Look through the listing for the string "Defs" and copy out every line that holds it.
┌──
(* For $\xi>0$ and $w,z\in(-1,1)$ let \[ \Phi_{\mathbf 0}(\xi,w,z)=\frac{6}{\pi^2}\begin{cases}\Upsilon\Bigl(1+\frac{\xi^{-1}-\max(|w|,|z|)-1}{|w+z|}\Bigr) & \text{if } w+z\neq 0,\\ 0 & \text{if } w+z=0,\ \xi^{-1}<1+|w|,\\ 1 & \text{if } w+z=0,\ \xi^{-1}\ge 1+|w|,\end{cases} \] with $\Upsilon(x)=0$ for $x\le0$, $\Upsilon(x)=x$ for $0<x<1$, $\Upsilon(x)=1$ for $x\ge1$, and let $\Phi(\xi,w)=\int_\xi^\infty\int_{-1}^1\Phi_{\mathbf 0}(\eta,w,z)\,dz\,d\eta$. Then for $w\in(-1,1)$, \[ \Phi(\xi,w)=\begin{cases}1-\frac{12}{\pi^2}\xi & (\xi\le\frac12),\\[3pt] 1+\frac{6}{\pi^2}\bigl[F(\xi,w)-F(\tfrac12,w)-1\bigr] & (\frac12\le\xi\le\frac1{1+|w|}),\\[3pt] \frac{6}{\pi^2}\bigl[G(\xi,w)-G(\tfrac1{1-|w|},w)\bigr] & (\frac1{1+|w|}\le\xi\le\frac1{1-|w|}),\\[3pt] 0 & (\xi\ge\frac1{1-|w|}),\end{cases} \] where \[ F(\xi,w)=\Psi(\xi(1+|w|))+\Psi(\xi(1-|w|))-2\log\xi+2\Bigl(1+|w|\log\frac{1-|w|}{1+|w|}\Bigr)\xi, \] \[ G(\xi,w)=\Psi(\xi(1+|w|))-\log\xi+\Bigl(1-|w|+2|w|\log\frac{2|w|}{1+|w|}\Bigr)\xi, \] and, for $a>0$, \[ \Psi(a)=\begin{cases}-\operatorname{Li}_2(a)+(1-a)\log(a^{-1}-1)+\log a-\tfrac12(\log a)^2+\tfrac{\pi^2}{6} & (a<1),\\ \operatorname{Li}_2(a^{-1})-(a-1)\log(1-a^{-1})+\log a-\tfrac{\pi^2}{6} & (a>1),\end{cases} \] with $\operatorname{Li}_2(z)=\sum_{k\ge1}z^k/k^2$ for $|z|\le1$.
   Context: $\Psi$ is the solution on $a>0$ of $\Psi'(a)=(a^{-1}-1)\log|a^{-1}-1|$ with $\Psi(1)=0$. The function $\Phi(\xi,w)$ is the function such that the collision kernel from a generic initial point in the Boltzmann–Grad limit of the two-dimensional periodic Lorentz gas equals $\sigma\,\Phi(\xi,b)$, with $\sigma$ the scattering cross section and $b$ the impact parameter; the claim itself only concerns the explicitly defined functions above. *)

theory Defs
  imports "HOL-Analysis.Analysis"
begin

definition Upsilon :: "real \<Rightarrow> real" where
  "Upsilon x = (if x \<le> 0 then 0 else if x < 1 then x else 1)"

definition Phi0 :: "real \<Rightarrow> real \<Rightarrow> real \<Rightarrow> real" where
  "Phi0 \<xi> w z = 6 / pi\<^sup>2 *
     (if w + z \<noteq> 0 then Upsilon (1 + (inverse \<xi> - max \<bar>w\<bar> \<bar>z\<bar> - 1) / \<bar>w + z\<bar>)
      else if inverse \<xi> < 1 + \<bar>w\<bar> then 0 else 1)"

definition Phi :: "real \<Rightarrow> real \<Rightarrow> real" where
  "Phi \<xi> w = (LBINT \<eta>:{\<xi>..}. (LBINT z:{-1..1}. Phi0 \<eta> w z))"

definition Li2 :: "real \<Rightarrow> real" where
  "Li2 z = (\<Sum>k. z ^ (Suc k) / (real (Suc k))\<^sup>2)"

text \<open>Psi on a > 0; the value at a = 1 is Psi(1) = 0 (normalisation, continuous extension).\<close>
definition Psi :: "real \<Rightarrow> real" where
  "Psi a = (if a < 1 then - Li2 a + (1 - a) * ln (inverse a - 1) + ln a - (ln a)\<^sup>2 / 2 + pi\<^sup>2 / 6
            else if a > 1 then Li2 (inverse a) - (a - 1) * ln (1 - inverse a) + ln a - pi\<^sup>2 / 6
            else 0)"

definition F :: "real \<Rightarrow> real \<Rightarrow> real" where
  "F \<xi> w = Psi (\<xi> * (1 + \<bar>w\<bar>)) + Psi (\<xi> * (1 - \<bar>w\<bar>)) - 2 * ln \<xi>
     + 2 * (1 + \<bar>w\<bar> * ln ((1 - \<bar>w\<bar>) / (1 + \<bar>w\<bar>))) * \<xi>"

definition G :: "real \<Rightarrow> real \<Rightarrow> real" where
  "G \<xi> w = Psi (\<xi> * (1 + \<bar>w\<bar>)) - ln \<xi>
     + (1 - \<bar>w\<bar> + 2 * \<bar>w\<bar> * ln (2 * \<bar>w\<bar> / (1 + \<bar>w\<bar>))) * \<xi>"

end

theory Submission
  imports Defs "HOL-Real_Asymp.Real_Asymp"
begin

text \<open>For \<open>s = \<eta>\<^sup>-\<^sup>1\<close> the integrand \<open>Phi0 \<eta> w z\<close> is, as a function of \<open>z\<close>, piecewise constant or of
  the form \<open>c / (\<bar>w\<bar> \<plusminus> z)\<close>, so its integral over \<open>z \<in> [-1, 1]\<close> is an elementary function
  \<open>J(\<bar>w\<bar>, s)\<close> (\<open>Phi0_core_integral\<close> below) with four regimes in \<open>s\<close>; it vanishes for
  \<open>\<eta> \<ge> 1 / (1 - \<bar>w\<bar>)\<close>. The outer integral is then computed from antiderivatives: by the
  differential equation of \<open>\<Psi>\<close>, both \<open>F(\<cdot>, w)\<close> and \<open>G(\<cdot>, w)\<close> have derivative
  \<open>-J(\<bar>w\<bar>, 1/\<xi>)\<close> on their ranges. The pieces glue at
  \<open>\<xi> = 1 / (1 + \<bar>w\<bar>)\<close> because \<open>Li\<^sub>2\<close> cancels between \<open>\<Psi>(r)\<close> and \<open>\<Psi>(1/r)\<close>, while Euler's
  reflection formula \<open>Li\<^sub>2(p) + Li\<^sub>2(1 - p) = \<pi>\<^sup>2/6 - log p log(1 - p)\<close> evaluates \<open>\<Psi>(p) + \<Psi>(1 - p)\<close>.\<close>

section \<open>The dilogarithm\<close>

lemma Li2_zero: "Li2 0 = 0"
  by (simp add: Li2_def)

lemma Li2_one: "Li2 1 = pi\<^sup>2 / 6"
  using inverse_squares_sums by (simp add: Li2_def sums_iff add.commute)

lemma continuous_on_Li2: "continuous_on {-1..1} Li2"
proof -
  have "uniform_limit {-1..1} (\<lambda>n x. \<Sum>k<n. x ^ Suc k / (real (Suc k))\<^sup>2) Li2 sequentially"
    unfolding Li2_def[abs_def]
  proof (rule Weierstrass_m_test)
    show "summable (\<lambda>k. 1 / (real (Suc k))\<^sup>2)"
      using inverse_squares_sums by (simp add: sums_iff)
    fix k :: nat and x :: real
    assume "x \<in> {-1..1}"
    then have "\<bar>x\<bar> ^ Suc k \<le> 1"
      by (intro power_le_one) auto
    then show "norm (x ^ Suc k / (real (Suc k))\<^sup>2) \<le> 1 / (real (Suc k))\<^sup>2"
      by (simp add: power_abs divide_right_mono del: of_nat_Suc power_Suc)
  qed
  then show ?thesis
    by (rule uniform_limit_theorem[rotated]) (auto intro!: always_eventually continuous_intros)
qed

lemma sums_minus_ln_one_minus:
  fixes y :: real
  assumes "\<bar>y\<bar> < 1"
  shows "(\<lambda>n. y ^ Suc n / real (Suc n)) sums - ln (1 - y)"
proof -
  have "(\<lambda>n. - ((- (- y)) ^ n) / real n) sums ln (1 + - y)"
    by (rule ln_series') (use assms in simp)
  then have "(\<lambda>n. - (y ^ Suc n) / real (Suc n)) sums ln (1 - y)"
    by (subst sums_Suc_iff) simp
  from sums_minus[OF this] show ?thesis
    by simp
qed

lemma Li2_has_real_derivative:
  assumes "y \<noteq> 0" "\<bar>y\<bar> < 1"
  shows "(Li2 has_real_derivative - ln (1 - y) / y) (at y)"
proof -
  define c where "c n = 1 / (real (Suc n))\<^sup>2" for n
  have Li2_eq: "Li2 = (\<lambda>x. \<Sum>n. c n * x ^ Suc n)"
    unfolding Li2_def c_def by (intro ext) simp
  have diff_series: "c n * real (Suc n) * x ^ n = x ^ n / real (Suc n)" for n x
    by (simp add: c_def power2_eq_square del: of_nat_Suc)
  have "summable (\<lambda>n. c n * real (Suc n) * x ^ n)" if "x \<in> {-1<..<1}" for x
  proof -
    have "summable (\<lambda>n. x ^ n / real (Suc n))"
    proof (rule summable_comparison_test')
      show "summable (\<lambda>n. \<bar>x\<bar> ^ n)"
        using that by (intro summable_geometric) auto
      show "norm (x ^ n / real (Suc n)) \<le> \<bar>x\<bar> ^ n" for n
        by (simp add: power_abs divide_le_eq mult_le_cancel_left1 del: of_nat_Suc)
    qed
    then show ?thesis
      by (simp only: diff_series)
  qed
  then have "((\<lambda>x. \<Sum>n. c n * x ^ Suc n) has_real_derivative (\<Sum>n. c n * real (Suc n) * y ^ n)) (at y)"
    using assms by (intro DERIV_power_series'[where R = 1]) auto
  moreover have "(\<lambda>n. y ^ Suc n / real (Suc n) / y) sums (- ln (1 - y) / y)"
    by (rule sums_divide) (rule sums_minus_ln_one_minus[OF assms(2)])
  moreover have "y ^ Suc n / real (Suc n) / y = c n * real (Suc n) * y ^ n" for n
    using assms(1) by (simp add: c_def power2_eq_square field_simps del: of_nat_Suc)
  ultimately show ?thesis
    by (simp add: Li2_eq sums_iff)
qed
└──
COMPLETED TASK:
theory Defs
  imports Defs "HOL-Real_Asymp.Real_Asymp"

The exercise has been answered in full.